Executed as to our report referred to above:
InSite Petroleum Consultants Ltd. Calgary, Alberta, Canada
(signed) "Radu Afilipoaei" Radu Afilipoaei, P.Eng. Managing Director
March 31, 2021
APPENDIX B FORM 51-101F3 - REPORT OF MANAGEMENT AND DIRECTORS ON RESERVES DATA AND OTHER INFORMATION
Management of Storm Resources Ltd. (the " Company ") is responsible for the preparation and disclosure of information with respect to the Company's oil and gas activities in accordance with securities regulatory requirements. This information includes reserves data.

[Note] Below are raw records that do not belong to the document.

lemma imag_diag_unit_in_real_lie_generated_if_forced:
  fixes A :: "real^'n^'n"
  assumes sym: "transpose A = A"
    and A: "cmat_scale \<i> (cmat_of_real A) \<in> real_lie_generated X"
    and S: "\<And>j. j \<in> S \<Longrightarrow> imag_diag_unit j \<in> real_lie_generated X"
    and "v \<in> forced_closure (matrix_graph A) S"
  shows "imag_diag_unit v \<in> real_lie_generated X"
  using assms(4)
proof (induction rule: forced_closure.induct)
  case (init v)
  then show ?case by (rule S)
next
  case (force v w)
  have vw: "v \<noteq> w" using force.hyps(2) by (simp add: matrix_graph_def)
  have K: "skew_unit v w \<in> real_lie_generated X"
    using force by (intro skew_unit_in_real_lie_generated_if_force[OF sym A]) auto
  have H: "imag_sym_unit v w \<in> real_lie_generated X"
    unfolding bracket_imag_diag_skew_unit[OF vw, symmetric]
    using force.IH(1) K by (rule real_lie_generated.bracket)
  show ?case
    unfolding imag_diag_unit_transfer[OF vw]
    using force.IH(1) K H
    by (intro real_lie_generated_diff real_lie_generated.smult real_lie_generated.bracket)
qed

lemma skew_unit_in_real_lie_generated_if_connected:
  fixes A :: "real^'n^'n"
  assumes sym: "transpose A = A"
    and conn: "graph_connected (matrix_graph A)"
    and A: "cmat_scale \<i> (cmat_of_real A) \<in> real_lie_generated X"
    and D: "\<And>u. imag_diag_unit u \<in> real_lie_generated X"
  shows "skew_unit u w \<in> real_lie_generated X"
proof -
  have edge: "skew_unit v w \<in> real_lie_generated X" if "matrix_graph A v w" for v w
    using that by (intro skew_unit_in_real_lie_generated_if_force[OF sym A D D])
  have "(matrix_graph A)\<^sup>*\<^sup>* u w"
    using conn by (simp add: graph_connected_def)
  then show ?thesis
  proof (induction rule: rtranclp_induct)
    case base
    then show ?case by (simp add: skew_unit_def real_lie_generated.zero)
  next
    case (step v w)
    have "v \<noteq> w" using step.hyps(2) by (simp add: matrix_graph_def)
    consider "u = w" | "u = v" | "u \<noteq> v" "u \<noteq> w" by blast
    then show ?case
    proof cases
      case 1
      then show ?thesis by (simp add: skew_unit_def real_lie_generated.zero)
    next
      case 2
      then show ?thesis using edge step.hyps(2) by simp
    next
      case 3
      then show ?thesis
        using bracket_skew_units[OF 3(1) \<open>v \<noteq> w\<close> 3(2)] step.IH edge[OF step.hyps(2)]
        by (metis real_lie_generated.bracket)
    qed
  qed
qed

theorem corollary4p2:
  fixes A :: "real^'n^'n" and G :: "'n \<Rightarrow> 'n \<Rightarrow> bool" and S :: "'n set"
  assumes "transpose A = A"
    and "G = matrix_graph A"
    and "graph_connected G"
    and "(\<forall>k j. k \<noteq> j \<and> A $ k $ j \<noteq> 0 \<longrightarrow> A $ k $ j > 0)
       \<or> (\<forall>k j. k \<noteq> j \<and> A $ k $ j \<noteq> 0 \<longrightarrow> A $ k $ j < 0)"
    and "zero_forcing_set G S"
  shows "real_lie_generated
           (insert (cmat_scale \<i> (cmat_of_real A)) ((\<lambda>j. cmat_scale \<i> (diag_unit j)) ` S))
         = skew_hermitian_matrices"
    (is "real_lie_generated ?X = _")
proof
  have A: "cmat_scale \<i> (cmat_of_real A) \<in> real_lie_generated ?X"
    by (simp add: real_lie_generated.gen)
  have D: "imag_diag_unit u \<in> real_lie_generated ?X" for u
    using assms(2,5) imag_diag_unit_in_real_lie_generated_if_forced[OF assms(1) A, of S]
    by (auto simp: zero_forcing_set_def imag_diag_unit_def real_lie_generated.gen)
  have K: "skew_unit u w \<in> real_lie_generated ?X" for u w
    using assms(1-3) A D by (simp add: skew_unit_in_real_lie_generated_if_connected)
  have H: "imag_sym_unit u w \<in> real_lie_generated ?X" for u w
  proof (cases "u = w")
    case True
    then show ?thesis using D by (simp add: imag_sym_unit_diag real_lie_generated.smult)
  next
    case False
    then show ?thesis using D K by (metis bracket_imag_diag_skew_unit real_lie_generated.bracket)
  qed
  show "skew_hermitian_matrices \<subseteq> real_lie_generated ?X"
    using K H by (rule skew_hermitian_subset_real_lie_generated)
  have "?X \<subseteq> skew_hermitian_matrices"
    using symmetric_matrix_entry[OF assms(1)]
    by (auto simp: skew_hermitian_iff cmat_scale_def cmat_of_real_def diag_unit_def)
  then show "real_lie_generated ?X \<subseteq> skew_hermitian_matrices"
    by (rule real_lie_generated_skew_hermitian)
qed

end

InSite Petroleum Consultants Ltd., independent qualified reserves evaluators, has evaluated the Company's reserves data. The report of the independent qualified reserves evaluators will be filed with securities regulatory authorities concurrently with this report.

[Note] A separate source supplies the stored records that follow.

lemma profile_derivative_eq:
  assumes t: "\<bar>t\<bar> < 1"
  shows "p * (a / (1 + a*t)) + q * (- b / (1 - b*t)) - (- 1 / (1 - t) + 1 / (1 + t)) / 2
    = t * (1 / (1 - t\<^sup>2) - a*b / ((1 + a*t) * (1 - b*t)))"
proof -
  note pos = profile_denominators_pos[OF t]
  have "q * (- b / (1 - b*t)) = - (p*a) / (1 - b*t)" using weights(2) by simp
  then have "p * (a / (1 + a*t)) + q * (- b / (1 - b*t)) = p*a * (1 / (1 + a*t) - 1 / (1 - b*t))"
    by (simp add: right_diff_distrib)
  also have "1 / (1 + a*t) - 1 / (1 - b*t) = - ((a+b)*t) / ((1 + a*t) * (1 - b*t))"
    using pos by (simp add: field_simps)
  also have "p*a * (- ((a+b)*t) / ((1 + a*t) * (1 - b*t))) = - t * (p*a*(a+b) / ((1 + a*t) * (1 - b*t)))"
    by (simp add: algebra_simps)
  finally have first: "p * (a / (1 + a*t)) + q * (- b / (1 - b*t)) = - t * (a*b / ((1 + a*t) * (1 - b*t)))"
    unfolding weights_balance .
  have second: "(- 1 / (1 - t) + 1 / (1 + t)) / 2 = - t / ((1 - t) * (1 + t))"
    using pos(3,4) by (simp add: divide_simps)
  have "(1 - t) * (1 + t) = 1 - t\<^sup>2" by (simp add: power2_eq_square algebra_simps)
  then show ?thesis by (simp only: first second, simp add: algebra_simps)
qed

lemma has_derivative_profile:
  assumes t: "\<bar>t\<bar> < 1"
  shows "(gain_profile a b p q has_real_derivative
           t * (1 / (1 - t\<^sup>2) - a*b / ((1 + a*t) * (1 - b*t)))) (at t)"
proof -
  note pos = profile_denominators_pos[OF t]
  have "((\<lambda>x. ln (1 + a*x)) has_real_derivative a / (1 + a*t)) (at t)"
    and "((\<lambda>x. ln (1 - b*x)) has_real_derivative - b / (1 - b*t)) (at t)"
    and "((\<lambda>x. ln (1 - x)) has_real_derivative - 1 / (1 - t)) (at t)"
    and "((\<lambda>x. ln (1 + x)) has_real_derivative 1 / (1 + t)) (at t)"
    using has_real_derivative_ln_affine[of a t] has_real_derivative_ln_affine[of "-b" t]
      has_real_derivative_ln_affine[of "-1" t] has_real_derivative_ln_affine[of 1 t] pos
    by simp_all
  then have "(gain_profile a b p q has_real_derivative
           p * (a / (1 + a*t)) + q * (- b / (1 - b*t)) - (- 1 / (1 - t) + 1 / (1 + t)) / 2) (at t)"
    unfolding gain_profile_def[abs_def] by (intro DERIV_diff DERIV_add DERIV_cmult DERIV_cdivide)
  then show ?thesis unfolding profile_derivative_eq[OF t] .
qed

lemma profile_strict_mono:
  assumes "0 \<le> x" "x < y" "y < 1"
  shows "gain_profile a b p q x < gain_profile a b p q y"
proof (rule DERIV_pos_imp_increasing_open[OF assms(2)])
  fix z assume "x < z" "z < y"
  then have "\<bar>z\<bar> < 1" "0 < z" using assms by auto
  then show "\<exists>d. (gain_profile a b p q has_real_derivative d) (at z) \<and> 0 < d"
    using has_derivative_profile profile_factor_pos by (blast intro: mult_pos_pos)
next
  have "\<bar>z\<bar> < 1" if "x \<le> z" "z \<le> y" for z using that assms by auto
  then show "continuous_on {x..y} (gain_profile a b p q)"
    using has_derivative_profile by (blast intro: DERIV_atLeastAtMost_imp_continuous_on)
qed

lemma profile_strict_antimono:
  assumes "-1 < x" "x < y" "y \<le> 0"
  shows "gain_profile a b p q y < gain_profile a b p q x"
proof (rule DERIV_neg_imp_decreasing_open[OF assms(2)])
  fix z assume "x < z" "z < y"
  then have "\<bar>z\<bar> < 1" "z < 0" using assms by auto
  then show "\<exists>d. (gain_profile a b p q has_real_derivative d) (at z) \<and> d < 0"
    using has_derivative_profile profile_factor_pos by (blast intro: mult_neg_pos)
next
  have "\<bar>z\<bar> < 1" if "x \<le> z" "z \<le> y" for z using that assms by auto
  then show "continuous_on {x..y} (gain_profile a b p q)"
    using has_derivative_profile by (blast intro: DERIV_atLeastAtMost_imp_continuous_on)
qed

lemma profile_zero: "gain_profile a b p q 0 = 0"
  by (simp add: gain_profile_def)

lemma profile_nonneg:
  assumes "\<bar>t\<bar> < 1"
  shows "0 \<le> gain_profile a b p q t"
  using profile_strict_mono[of 0 t] profile_strict_antimono[of t 0] assms
  by (cases t "0::real" rule: linorder_cases) (auto simp: profile_zero)

lemma profile_bounded_away:
  assumes "0 < \<delta>" "\<delta> \<le> \<bar>t\<bar>" "\<bar>t\<bar> < 1"
  shows "min (gain_profile a b p q \<delta>) (gain_profile a b p q (- \<delta>)) \<le> gain_profile a b p q t"
  using profile_strict_mono[of \<delta> t] profile_strict_antimono[of t "- \<delta>"] assms
  by (cases "0 \<le> t") (auto simp: min_le_iff_disj le_less)

lemma log_gain_eq_profile:
  assumes g: "g\<^sup>2 < 1"
  shows "log_gain a b p q g = gain_profile a b p q (2*g / (1 + g\<^sup>2))"
proof -
  define t where "t = 2*g / (1 + g\<^sup>2)"
  define R where "R = (1 + g\<^sup>2) / (1 - g\<^sup>2)"
  have "\<bar>t\<bar> < 1" unfolding t_def using abs_two_div_one_plus_sq(1)[OF g] .
  note pos = profile_denominators_pos[OF this]
  have g_pos: "0 < 1 + g\<^sup>2" "0 < 1 - g\<^sup>2" using g by (simp_all add: add_pos_nonneg)
  then have "0 < R" unfolding R_def by simp
  have "1 + a*t = (1 - 2*g*(-a) + g\<^sup>2) / (1 + g\<^sup>2)" "1 - b*t = (1 - 2*g*b + g\<^sup>2) / (1 + g\<^sup>2)"
    unfolding t_def using g_pos by (simp_all add: field_simps)
  then have factors: "mass_factor (- a) g = (1 + a*t) * R" "mass_factor b g = (1 - b*t) * R"
    unfolding mass_factor_def R_def using g_pos by simp_all
  have "ln (1 - t) + ln (1 + t) = ln ((1 - t) * (1 + t))"
    using pos(3,4) by (rule ln_mult_pos[symmetric])
  also have "(1 - t) * (1 + t) = (1 / R)\<^sup>2"
    unfolding t_def R_def using g_pos by (simp add: field_simps power2_eq_square)
  also have "ln ((1 / R)\<^sup>2) = - 2 * ln R" using \<open>0 < R\<close> by (simp add: ln_realpow ln_div)
  finally have ln_sq: "ln (1 - t) + ln (1 + t) = - 2 * ln R" .
  have "ln ((1 + a*t) * R) = ln (1 + a*t) + ln R" "ln ((1 - b*t) * R) = ln (1 - b*t) + ln R"
    using pos \<open>0 < R\<close> by (simp_all add: ln_mult_pos)
  then have "log_gain a b p q g = (p + q) * ln R + p * ln (1 + a*t) + q * ln (1 - b*t)"
    unfolding log_gain_def factors by (simp add: algebra_simps)
  also have "\<dots> = gain_profile a b p q t"
    unfolding gain_profile_def ln_sq weights(1) by simp
  finally show ?thesis unfolding t_def .
qed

The Reserves, Environment, Health and Safety Committee of the board of directors of the Company has:
-
(a) reviewed the Company's procedures for providing information to the independent qualified reserves evaluators;
-
(b) met with the independent qualified reserves evaluators to determine whether any restrictions affected the ability of the independent qualified reserves evaluators to report without reservation; and
-
(c) reviewed the reserves data with management and the independent qualified reserves evaluators.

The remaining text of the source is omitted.